Numerosas crónicas del primer siglo de la colonización americana describen como característica de los indios americanos su profuso vello y vestimentas aleonadas, semejantes a las del homo silvestris medieval. Estos salvajes son representantes de una especie imaginaria, preexistente y persistente en el imaginario europeo, que acompañó y se superpuso como figura desplazada sobre los indios americanos. Bartra recorre la construcción europea desde los faunos, silenos, centauros y agrioi griegos que se enlazan con el homo sylvestris medieval y la tradición judeo-cristiana del desierto con las figuras de ermitaños y anacoretas, y llega a las mujeres salvajes del Siglo de Oro español, se verifica «que la cultura europea generó una idea del hombre salvaje mucho antes de la gran expansión colonial, idea modelada en forma independiente del contacto con grupos humanos extraños de otros continentes. [...] los hombres salvajes son una invención europea que obedece a la naturaleza interna de la cultura occidental. Dicho en forma abrupta: el salvaje es un hombre europeo, y la noción de salvajismo fue aplicada a pueblos no europeos como una trasposición de un mito perfectamente estructurado cuya naturaleza sólo se puede entender como parte de la cultura occidental. El mito del hombre salvaje es un ingrediente original y fundamental de la cultura europea»5. La figura del hombre salvaje que atraviesa la cultura griega, encarna en el homo sylvestris medieval, florece en el Renacimiento, alentado por el descubrimiento del Nuevo Mundo, y llega hasta nuestros días. En el corazón de la cultura europea, como nódulo fundacional se desarrolla este mito del salvaje que a la vez oculta y revela la naturaleza de esta cultura.

«El hombre llamado civilizado no ha dado un solo paso sin ir acompañado de su sombra, el salvaje. Es un hecho ampliamente reconocido que la identidad del civilizado ha estado siempre flanqueada por la imagen del 'otro'; pero se ha creído que la imaginería del 'otro' como ser salvaje y bárbaro -contrapuesto al hombre occidental- ha sido un reflejo -más o menos distorsionado- de las poblaciones no occidentales, una expresión eurocéntrica de la expansión colonial que elaboraba una versión exótica y racista de los hombres que encontraban y sometían los conquistadores y colonizadores».



En cuanto a la investidura de los indios americanos como salvajes, Bartra postula que «esos rudos conquistadores habían traído su propio salvaje para evitar que su ego se disolviera en la extraordinaria otredad que estaban descubriendo [...] como si los europeos tuviesen que templar las cuerdas de su identidad al recordar que el 'otro' -su 'alter ego'- siempre ha existido y con ello evitar caer en el remolino de la auténtica otredad que los rodeaba»6. Pero, a partir del XVIII se produce un giro y emerge el salvaje artificial: Montaigne y su discurso sobre el canibalismo, Defoe con su Viernes y el buen salvaje de Rousseau, son algunos de sus hitos.

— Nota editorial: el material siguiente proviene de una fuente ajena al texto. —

lemma A2_imp_set_integrable_near_0:
  assumes "brownian_motion M W" and [measurable]: "Pf \<in> borel_measurable borel"
    and "A2 M W r \<alpha> \<sigma> Pf" and "\<sigma> \<noteq> 0" and "0 < (\<sigma>\<^sup>2 / 2 - \<alpha>)\<^sup>2 + 2 * \<sigma>\<^sup>2 * r"
  obtains c where "0 < c" "set_integrable lborel {0<..c} (\<lambda>y. y powr (- d1 r \<alpha> \<sigma> - 1) * max 0 (Pf y))"
proof -
  define a where "a = d1 r \<alpha> \<sigma>"
  obtain w0 where "(\<integral>\<^sup>+w\<in>{..w0}. exp (- a * w) * max 0 (Pf (exp w)) \<partial>lborel) < \<infinity>"
    using A2_imp_nn_integral_log_scale_finite[OF assms] unfolding a_def by blast
  also have "(\<integral>\<^sup>+w\<in>{..w0}. exp (- a * w) * max 0 (Pf (exp w)) \<partial>lborel)
      = (\<integral>\<^sup>+y\<in>{0<..exp w0}. y powr (- a - 1) * max 0 (Pf y) \<partial>lborel)"
  proof -
    have "exp w powr (- a - 1) * max 0 (Pf (exp w)) * exp w = exp (- a * w) * max 0 (Pf (exp w))" for w
    proof -
      have "exp w powr (- a - 1) * exp w = exp (- a * w)"
        by (simp add: powr_def exp_add[symmetric] algebra_simps)
      then show ?thesis by (metis mult.commute mult.left_commute)
    qed
    moreover have "(\<integral>\<^sup>+y\<in>{0<..exp w0}. y powr (- a - 1) * max 0 (Pf y) \<partial>lborel)
        = (\<integral>\<^sup>+w\<in>{..w0}. exp w powr (- a - 1) * max 0 (Pf (exp w)) * exp w \<partial>lborel)"
      by (rule nn_integral_exp_substitution) measurable
    ultimately show ?thesis by (simp only:)
  qed
  also have "\<dots> = (\<integral>\<^sup>+y. indicator {0<..exp w0} y *\<^sub>R (y powr (- a - 1) * max 0 (Pf y)) \<partial>lborel)"
    by (intro nn_integral_cong) (simp split: split_indicator)
  finally have "set_integrable lborel {0<..exp w0} (\<lambda>y. y powr (- d1 r \<alpha> \<sigma> - 1) * max 0 (Pf y))"
    unfolding set_integrable_def a_def by (intro integrableI_nonneg) auto
  then show ?thesis using that[of "exp w0"] by simp
qed

(* Dominated convergence in t = 1/x: for y >= x the weight (x/y) powr (b - a) is at most 1. *)
lemma tendsto_powr_interval_integral_at_right_0:
  fixes f :: "real \<Rightarrow> real" and a b \<nu> :: real
  assumes "a < b" "0 < \<nu>" and [measurable]: "f \<in> borel_measurable borel"
    and int: "set_integrable lborel {0<..\<nu>} (\<lambda>y. y powr (- a - 1) * f y)"
  shows "((\<lambda>x. x powr (b - a) * (LBINT y=ereal x..ereal \<nu>. y powr (- b - 1) * f y)) \<longlongrightarrow> 0) (at_right 0)"
proof -
  define S where "S t y = inverse t powr (b - a) * (indicator {inverse t..\<nu>} y * (y powr (- b - 1) * f y))"
    for t y
  define w where "w y = indicator {0<..\<nu>} y * \<bar>y powr (- a - 1) * f y\<bar>" for y
  have "((\<lambda>t. integral\<^sup>L lborel (S t)) \<longlongrightarrow> integral\<^sup>L lborel (\<lambda>_ :: real. 0 :: real)) at_top"
  proof (rule integral_dominated_convergence_at_top)
    show "integrable lborel w"
      using set_integrable_abs[OF int] by (simp add: w_def[abs_def] set_integrable_def)
    have lim: "((\<lambda>t. inverse t powr (b - a)) \<longlongrightarrow> 0) at_top"
      using \<open>a < b\<close> by (intro tendsto_zero_powrI tendsto_inverse_0_at_top filterlim_ident tendsto_const)
        (auto simp: eventually_at_top_linorder)
    have "norm (S t y) \<le> norm (inverse t powr (b - a)) * \<bar>y powr (- b - 1) * f y\<bar>" for t y
      unfolding S_def norm_mult by (intro mult_left_mono) (auto simp: abs_mult indicator_def)
    then show "AE y in lborel. ((\<lambda>t. S t y) \<longlongrightarrow> 0) at_top"
      by (intro AE_I2 tendsto_0_le[OF lim] always_eventually allI) assumption
    show "\<forall>\<^sub>F t in at_top. AE y in lborel. norm (S t y) \<le> w y"
    proof (intro eventually_at_top_linorderI[of 1] AE_I2)
      fix t y :: real assume "1 \<le> t"
      show "norm (S t y) \<le> w y"
      proof (cases "y \<in> {inverse t..\<nu>}")
        case True
        then have "0 < y" using \<open>1 \<le> t\<close> by (auto intro: less_le_trans[of 0 "inverse t"])
        have "inverse t powr (b - a) * y powr (- b - 1) \<le> y powr (b - a) * y powr (- b - 1)"
          using True \<open>a < b\<close> \<open>1 \<le> t\<close> by (intro mult_right_mono powr_mono2) auto
        also have "\<dots> = y powr (- a - 1)" using \<open>0 < y\<close> by (simp add: powr_add[symmetric])
        finally show ?thesis
          using True \<open>0 < y\<close> by (simp add: S_def w_def abs_mult mult.assoc[symmetric] mult_right_mono)
      qed (simp add: S_def w_def)
    qed
  qed (simp_all add: S_def[abs_def])
  moreover have "\<forall>\<^sub>F t in at_top. integral\<^sup>L lborel (S t) =
      inverse t powr (b - a) * (LBINT y=ereal (inverse t)..ereal \<nu>. y powr (- b - 1) * f y)"
  proof (rule eventually_at_top_linorderI[of "inverse \<nu>"])
    fix t assume "inverse \<nu> \<le> t"
    then have "inverse t \<le> inverse (inverse \<nu>)"
      using \<open>0 < \<nu>\<close> by (intro le_imp_inverse_le) auto
    then show "integral\<^sup>L lborel (S t) = inverse t powr (b - a) * (LBINT y=ereal (inverse t)..ereal \<nu>. y powr (- b - 1) * f y)"
      by (simp add: interval_integral_Icc set_lebesgue_integral_def S_def[abs_def])
  qed
  ultimately show ?thesis
    unfolding at_right_to_top filterlim_filtermap by (simp add: tendsto_cong)
qed

lemma tendsto_neg_powr_mult_interval_integral_at_top:
  fixes g :: "real \<Rightarrow> real"
  assumes "e < 0" and vanish: "\<And>y. K \<le> y \<Longrightarrow> g y = 0"
  shows "((\<lambda>x. x powr e * (LBINT y=ereal \<nu>..ereal x. g y)) \<longlongrightarrow> 0) at_top"
proof -
  define K' where "K' = max \<nu> K"
  define C where "C = (LBINT y:{\<nu>..K'}. g y)"
  have "((\<lambda>x. x powr e * C) \<longlongrightarrow> 0 * C) at_top"
    using \<open>e < 0\<close> by (intro tendsto_mult tendsto_const tendsto_neg_powr filterlim_ident)
  moreover have "\<forall>\<^sub>F x in at_top. x powr e * C = x powr e * (LBINT y=ereal \<nu>..ereal x. g y)"
  proof (rule eventually_at_top_linorderI[of K'])
    fix x assume "K' \<le> x"
    then have "(LBINT y=ereal \<nu>..ereal x. g y) = (LBINT y:{\<nu>..x}. g y)"
      by (intro interval_integral_Icc) (simp add: K'_def)
    also have "\<dots> = C"
      unfolding C_def set_lebesgue_integral_def using \<open>K' \<le> x\<close> vanish
      by (intro Bochner_Integration.integral_cong) (auto simp: K'_def split: split_indicator)
    finally show "x powr e * C = x powr e * (LBINT y=ereal \<nu>..ereal x. g y)" by simp
  qed
  ultimately show ?thesis by (simp add: tendsto_cong)
qed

En las postrimerías del XIX, el mito del salvaje coagula en expresivas metáforas sociales -«la lucha por la vida» o «la ley de la jungla»- que aún perviven en el cercano siglo XX, por lo pronto en algunos superhéroes de la cultura de masas, como el medievalizante Conan, el bárbaro.

Matizo una diferencia entre el concepto de bárbaro y el de salvaje que, a menudo, se utilizan como sinónimos. Si el bárbaro define a los extranjeros que no forman parte de la cultura propia y no poseen su lengua; el salvaje -de selvaticus, silva, selva- se compone de una serie de ingredientes que apuntan a una dualidad natural animal-humano y connota vidas primitivas, atrasadas o, simplemente, cercanas a la animalidad. Y esta matización nos permite observar que, a fines del XIX, se produce una internalización del salvaje en la cultura europea y aparece en la figura finisecular del doble, salvaje bifaz que reúne en un mismo personaje al yo civilizado con su otro desbridado y monstruoso, expresado en la potente exclamación de Rimbaud: «Je suis l'autre. J'ai fait le bond sourd de la bête féroce»; o en la peripecia hacia el corazón de las tinieblas de Conrad.

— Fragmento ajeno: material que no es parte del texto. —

lemma star_potential_superharmonic:
  assumes n: "n \<ge> 2" and r: "r > 0" and d: "d \<ge> 0" and S: "S \<subseteq> {..<n}"
  defines "\<phi> \<equiv> star_lift (star_potential r d)"
  shows "(\<Sum>U\<in>Pow {..<n}. moran_step n r (clique_W n) (star_W n) S U * \<phi> U) \<le> \<phi> S"
proof -
  define k where "k = card (S - {0})"
  have card_S: "real (card S) = (if 0 \<in> S then 1 else 0) + real k"
    using card_eq_centre_plus_leaves[OF finite_subset[OF S]] unfolding k_def by simp
  have "real (card S) \<le> real n"
    using card_mono[OF finite_lessThan S] by simp
  have drift: "moran_drift n r (clique_W n) (star_W n) \<phi> S =
    (if 0 \<in> S then (real n - 1 - real k) / (real n - 1) *
        (r * (star_potential r d True (Suc k) - star_potential r d True k) + star_potential r d False k
         - star_potential r d True k + real k * (star_potential r d True (k - 1) - star_potential r d True k))
     else real k * (r * (star_potential r d True k - star_potential r d False k) +
        (real n - real k) / (real n - 1) * (star_potential r d False (k - 1) - star_potential r d False k)))"
    unfolding \<phi>_def k_def by (rule moran_drift_clique_star[OF S])
  have "moran_drift n r (clique_W n) (star_W n) \<phi> S \<le> 0"
  proof (cases "0 \<in> S")
    case True
    have "(real n - 1 - real k) / (real n - 1) \<ge> 0"
      using card_S True \<open>real (card S) \<le> real n\<close> by simp
    then show ?thesis
      unfolding drift if_P[OF True]
      using star_potential_centre_drift_nonpos[OF r d, of k] by (rule mult_nonneg_nonpos)
  next
    case False
    have "k \<le> n"
      using card_S False \<open>real (card S) \<le> real n\<close> by simp
    then show ?thesis
      unfolding drift if_not_P[OF False]
      using star_potential_leaf_drift_nonpos[OF r d _ _ n, of k]
      by (cases "k = 0") (simp_all add: mult_nonneg_nonpos)
  qed
  moreover have "(\<Sum>i<n. fitness r S i) > 0"
    using n r by (intro sum_pos) (auto simp: fitness_def lessThan_empty_iff)
  moreover have "(\<Sum>U\<in>Pow {..<n}. moran_step n r (clique_W n) (star_W n) S U * \<phi> U) =
      \<phi> S + moran_drift n r (clique_W n) (star_W n) \<phi> S / (\<Sum>i<n. fitness r S i)"
    using n r by (intro sum_moran_step_mult_eq_drift[OF S] clique_W_row_sum star_W_row_sum) auto
  ultimately show ?thesis
    by (simp add: divide_nonpos_pos)
qed

lemma star_lift_singleton: "star_lift (star_potential r d) {v} = d"
  by (cases "v = 0") (simp_all add: star_lift_def star_potential_def)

Después de estas reflexiones: Una cita abre algunas preguntas sobre este tema que he denominado la 'cuestión del otro':


«Arden ya en medio del campo
cuatro extendidas hogueras,
cuyas vivas llamaradas
irradiando, colorean
el tenebroso recinto
donde la chusma hormiguea.
En torno al fuego sentados
unos lo atizan y ceban;
otros la jugosa carne
al rescoldo o llama tuestan
Aquél come, éste destriza
más allá alguno degüella
con afilado cuchillo
la yegua al lado sujeta,
y a la boca de la herida,
por donde ronca y resuella,
y a borbollones arroja
la caliente sangre fuera,
en pie, trémula y convulsa,
dos o tres indios se pegan,
como sedientos vampiros
sorben, chupan, saborean
la sangre, haciendo murmullo,
y de sangre se rellenan.
Baja el pescuezo, vacila,
y se desploma la yegua
con aplausos de las indias
que a descuartizarla empiezan»7.



El largo poema de Esteban Echeverría, La cautiva, se publica en 1837 y es considerado uno de los textos fundacionales de la cultura argentina independiente y la primera textualidad moderna, que fusiona el proyecto romántico-liberal de la llamada Generación del 37, nucleada primero en el Salón Literario y luego en la oposición al gobierno de Juan Manuel de Rosas.

La cautiva desarrolla en sus siete cantos una especie de puesta a punto o si se prefiere de aclimatación del romanticismo en el Río de la Plata8. La operación ejercida por Echeverría se asienta en la apropiación de la densidad estética del paisaje pampeano, de la cual partirán diversas líneas de la naciente literatura argentina, y en la épica actuación de los héroes -blancos- contra la bestialidad de los indios; ambas apuntan ya la fórmula Civilización vs. Barbarie, que Sarmiento sistematizará en su Facundo (1845)9, fórmula ideológica de alta eficacia, vertebradora de una buena parte del pensamiento de las elites criollas latinoamericanas hasta bien entrado el siglo XX.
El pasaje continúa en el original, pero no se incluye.